(Records excerpted from a collection)
= Beginning of Section =

(* Let $m\ge1$ and $n\ge 2$. The number of interval-closed sets $I$ of $[m]\times[n]$ such that for every $a\in[m]$ there is some $b$ with $(a,b)\in I$ equals the Narayana number \[N(n+m,n)=\frac{1}{n}\binom{n+m}{n-1}\binom{n+m-1}{n-1},\] which is also the number of order ideals of $[m]\times[n-1]\times[2]$; indeed these interval-closed sets are in bijection with the order ideals of $[m]\times[n-1]\times[2]$.
   Context: $[k]$ is the chain $1<\cdots<k$; products of chains carry the componentwise order. A subset $I$ of a poset is interval-closed if for all $x,y\in I$ and $z$ with $x\le z\le y$ we have $z\in I$. *)

theory Defs
  imports Complex_Main
begin

definition grid2 :: "nat \<Rightarrow> nat \<Rightarrow> (nat \<times> nat) set" where
  "grid2 m n = {1..m} \<times> {1..n}"

definition le2 :: "nat \<times> nat \<Rightarrow> nat \<times> nat \<Rightarrow> bool" where
  "le2 p q \<longleftrightarrow> fst p \<le> fst q \<and> snd p \<le> snd q"

definition grid3 :: "nat \<Rightarrow> nat \<Rightarrow> nat \<Rightarrow> (nat \<times> nat \<times> nat) set" where
  "grid3 a b c = {1..a} \<times> {1..b} \<times> {1..c}"

definition le3 :: "nat \<times> nat \<times> nat \<Rightarrow> nat \<times> nat \<times> nat \<Rightarrow> bool" where
  "le3 p q \<longleftrightarrow> fst p \<le> fst q \<and> fst (snd p) \<le> fst (snd q) \<and> snd (snd p) \<le> snd (snd q)"

definition interval_closed :: "'a set \<Rightarrow> ('a \<Rightarrow> 'a \<Rightarrow> bool) \<Rightarrow> 'a set \<Rightarrow> bool" where
  "interval_closed P le I \<longleftrightarrow> I \<subseteq> P \<and>
     (\<forall>x\<in>I. \<forall>y\<in>I. \<forall>z\<in>P. le x z \<and> le z y \<longrightarrow> z \<in> I)"

definition order_ideal :: "'a set \<Rightarrow> ('a \<Rightarrow> 'a \<Rightarrow> bool) \<Rightarrow> 'a set \<Rightarrow> bool" where
  "order_ideal P le J \<longleftrightarrow> J \<subseteq> P \<and> (\<forall>y\<in>J. \<forall>x\<in>P. le x y \<longrightarrow> x \<in> J)"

= End of Section =

_GOAL OF THE EXERCISE_: A verbatim copy of all the records is required. Write it out in full.

_ANSWER FOR THIS EXERCISE_:
(* Let $m\ge1$ and $n\ge 2$. The number of interval-closed sets $I$ of $[m]\times[n]$ such that for every $a\in[m]$ there is some $b$ with $(a,b)\in I$ equals the Narayana number \[N(n+m,n)=\frac{1}{n}\binom{n+m}{n-1}\binom{n+m-1}{n-1},\] which is also the number of order ideals of $[m]\times[n-1]\times[2]$; indeed these interval-closed sets are in bijection with the order ideals of $[m]\times[n-1]\times[2]$.
   Context: $[k]$ is the chain $1<\cdots<k$; products of chains carry the componentwise order. A subset $I$ of a poset is interval-closed if for all $x,y\in I$ and $z$ with $x\le z\le y$ we have $z\in I$. *)

theory Defs
  imports Complex_Main
begin

definition grid2 :: "nat \<Rightarrow> nat \<Rightarrow> (nat \<times> nat) set" where
  "grid2 m n = {1..m} \<times> {1..n}"

definition le2 :: "nat \<times> nat \<Rightarrow> nat \<times> nat \<Rightarrow> bool" where
  "le2 p q \<longleftrightarrow> fst p \<le> fst q \<and> snd p \<le> snd q"

definition grid3 :: "nat \<Rightarrow> nat \<Rightarrow> nat \<Rightarrow> (nat \<times> nat \<times> nat) set" where
  "grid3 a b c = {1..a} \<times> {1..b} \<times> {1..c}"

definition le3 :: "nat \<times> nat \<times> nat \<Rightarrow> nat \<times> nat \<times> nat \<Rightarrow> bool" where
  "le3 p q \<longleftrightarrow> fst p \<le> fst q \<and> fst (snd p) \<le> fst (snd q) \<and> snd (snd p) \<le> snd (snd q)"

definition interval_closed :: "'a set \<Rightarrow> ('a \<Rightarrow> 'a \<Rightarrow> bool) \<Rightarrow> 'a set \<Rightarrow> bool" where
  "interval_closed P le I \<longleftrightarrow> I \<subseteq> P \<and>
     (\<forall>x\<in>I. \<forall>y\<in>I. \<forall>z\<in>P. le x z \<and> le z y \<longrightarrow> z \<in> I)"

definition order_ideal :: "'a set \<Rightarrow> ('a \<Rightarrow> 'a \<Rightarrow> bool) \<Rightarrow> 'a set \<Rightarrow> bool" where
  "order_ideal P le J \<longleftrightarrow> J \<subseteq> P \<and> (\<forall>y\<in>J. \<forall>x\<in>P. le x y \<longrightarrow> x \<in> J)"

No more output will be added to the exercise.